Final Results: The Road to 1B¶
Dense retail data (avg 23 items/txn)¶
| target_rows | add_t | mine_t | total | M rows/s | itemsets |
|---|---|---|---|---|---|
| 100M | 12.5s | 6.2s | 18.7s | 5.35 | 15,218 |
| 200M | 22.7s | 13.4s | 36.1s | 5.53 | 15,226 |
| 500M | 61.1s | 38.7s | 99.8s | 5.01 | 15,234 |
| 1B | 173.5s | 208.5s | 382.1s | 2.62 | 15,233 |
✅ 1 Billion rows. 382 seconds. 15,233 frequent itemsets.
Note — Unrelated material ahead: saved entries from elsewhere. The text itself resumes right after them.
definition decent ::
  "(domain \<Rightarrow> 'c set) \<Rightarrow> (domain \<Rightarrow> nat \<Rightarrow> 'c \<Rightarrow> 'c) \<Rightarrow> (domain \<Rightarrow> nat \<Rightarrow> 'c \<Rightarrow> 'c)
   \<Rightarrow> (domain \<Rightarrow> 'c \<Rightarrow> 'c \<Rightarrow> bool) \<Rightarrow> (domain \<Rightarrow> 'c \<Rightarrow> 'c \<Rightarrow> 'c) \<Rightarrow> (domain \<Rightarrow> 'c \<Rightarrow> bool) \<Rightarrow> bool" where
  "decent \<Psi> proj lift le meet P \<longleftrightarrow>
     \<comment> \<open>le is a preorder on each \<Psi> d\<close>
     (\<forall>d. is_domain d \<longrightarrow> (\<forall>\<sigma>\<in>\<Psi> d. le d \<sigma> \<sigma>) \<and>
        (\<forall>\<sigma>\<in>\<Psi> d. \<forall>\<sigma>'\<in>\<Psi> d. \<forall>\<sigma>''\<in>\<Psi> d. le d \<sigma> \<sigma>' \<and> le d \<sigma>' \<sigma>'' \<longrightarrow> le d \<sigma> \<sigma>'')) \<and>
     \<comment> \<open>\<Psi>(d;x) = \<Psi> d carries the same preorder and predicate\<close>
     (\<forall>d x. is_domain d \<and> DE x \<notin> set d \<longrightarrow>
        (\<forall>\<sigma>\<in>\<Psi> d. \<forall>\<sigma>'\<in>\<Psi> d. le (DE x # d) \<sigma> \<sigma>' = le d \<sigma> \<sigma>') \<and>
        (\<forall>\<sigma>\<in>\<Psi> d. P (DE x # d) \<sigma> = P d \<sigma>)) \<and>
     \<comment> \<open>D1\<close>
     (\<forall>d. is_domain d \<longrightarrow> (\<forall>\<sigma>\<in>\<Psi> d. \<forall>\<sigma>'\<in>\<Psi> d.
        le d (meet d \<sigma> \<sigma>') \<sigma> \<and> le d (meet d \<sigma> \<sigma>') \<sigma>' \<and>
        (\<forall>\<tau>\<in>\<Psi> d. le d \<tau> \<sigma> \<and> le d \<tau> \<sigma>' \<longrightarrow> le d \<tau> (meet d \<sigma> \<sigma>')))) \<and>
     \<comment> \<open>D2\<close>
     (\<forall>d X. is_domain d \<and> DM X \<notin> set d \<longrightarrow>
        (\<forall>\<sigma>\<in>\<Psi> d. \<forall>\<sigma>'\<in>\<Psi> (DM X # d). \<forall>\<sigma>''\<in>\<Psi> (DM X # d).
          simeq le (DM X # d) \<sigma>'' (meet (DM X # d) (lift d X \<sigma>) \<sigma>') \<longrightarrow>
          simeq le d (proj d X \<sigma>'') (meet d \<sigma> (proj d X \<sigma>')))) \<and>
     \<comment> \<open>P1\<close>
     (\<forall>d X. is_domain d \<and> DM X \<notin> set d \<longrightarrow>
        (\<forall>\<sigma>\<in>\<Psi> (DM X # d). P (DM X # d) \<sigma> \<longleftrightarrow> P d (proj d X \<sigma>))) \<and>
     \<comment> \<open>P2\<close>
     (\<forall>d. is_domain d \<longrightarrow> (\<forall>\<sigma>\<in>\<Psi> d. \<forall>\<sigma>'\<in>\<Psi> d. P d \<sigma> \<and> le d \<sigma> \<sigma>' \<longrightarrow> P d \<sigma>'))"

text \<open>Constraint-producing predicate: models d \<A> \<sigma>  stands for  \<A> \<Turnstile>^d \<sigma>.
  Constraint-refining predicate: R d \<sigma> \<A> \<sigma>'  stands for  R^d(\<sigma>, \<A>, \<sigma>').\<close>
definition relates ::
  "(domain \<Rightarrow> 'c set) \<Rightarrow> (domain \<Rightarrow> 'c \<Rightarrow> 'c \<Rightarrow> bool) \<Rightarrow> (domain \<Rightarrow> 'c \<Rightarrow> 'c \<Rightarrow> 'c)
   \<Rightarrow> (domain \<Rightarrow> 'c \<Rightarrow> bool) \<Rightarrow> (domain \<Rightarrow> ('f, 'p) fm set \<Rightarrow> 'c \<Rightarrow> bool)
   \<Rightarrow> (domain \<Rightarrow> 'c \<Rightarrow> ('f, 'p) fm set \<Rightarrow> 'c \<Rightarrow> bool) \<Rightarrow> bool" where
  "relates \<Psi> le meet P models R \<longleftrightarrow>
     (\<forall>d \<A>. is_domain d \<and> lits_of d \<A> \<longrightarrow> (\<forall>\<sigma>\<in>\<Psi> d.
        \<comment> \<open>A1\<close>
        (\<forall>\<sigma>'\<in>\<Psi> d. R d \<sigma> \<A> \<sigma>' \<longrightarrow>
           (\<exists>\<sigma>''\<in>\<Psi> d. simeq le d \<sigma>' (meet d \<sigma> \<sigma>'') \<and> P d (meet d \<sigma> \<sigma>'') \<and> models d \<A> \<sigma>'')) \<and>
        \<comment> \<open>A2\<close>
        (\<forall>\<sigma>'\<in>\<Psi> d. P d (meet d \<sigma> \<sigma>') \<and> models d \<A> \<sigma>' \<longrightarrow>
           (\<exists>\<sigma>''\<in>\<Psi> d. simeq le d \<sigma>'' (meet d \<sigma> \<sigma>') \<and> R d \<sigma> \<A> \<sigma>''))))"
No OOM. No disk spill.
Sparse catalogue data (avg 4.4 items/txn)¶
| target_rows | add_t | mine_t | total |
|---|---|---|---|
| 100M | 20.2s | 4.9s | 25.1s |
| 200M | 26.2s | 9.2s | 35.4s |
| 500M | ❌ | ❌ | OOM |
| 1B | ❌ | ❌ | OOM |
The 1B challenge for sparse datasets remains open.
What We Learned¶
Architecture beats micro-optimisation¶
The jump from k-way merge → HashMap changed 5-minute runs into 30-second runs.
Eclat vs FP-Growth depends on density¶
| data density | winner | why |
|---|---|---|
| Dense (avg >10 items/txn) | Eclat | Tidlist intersections are O(n), very cache-friendly |
| Sparse (avg <5 items/txn) | FP-Growth or similar | Fewer candidates, conditional bases are small |
Running It Yourself¶
from rusket import FPMiner
import numpy as np
miner = FPMiner(n_items=your_n_items)
for txn_ids_chunk, item_ids_chunk in your_data_stream():
miner.add_chunk(
txn_ids_chunk.astype(np.int64),
item_ids_chunk.astype(np.int32),
)
freq = miner.mine(min_support=0.02, max_len=3, method="eclat")
print(f"Found {len(freq):,} frequent itemsets")
The full benchmark script is in benchmarks/bench_fpminer_realistic.py.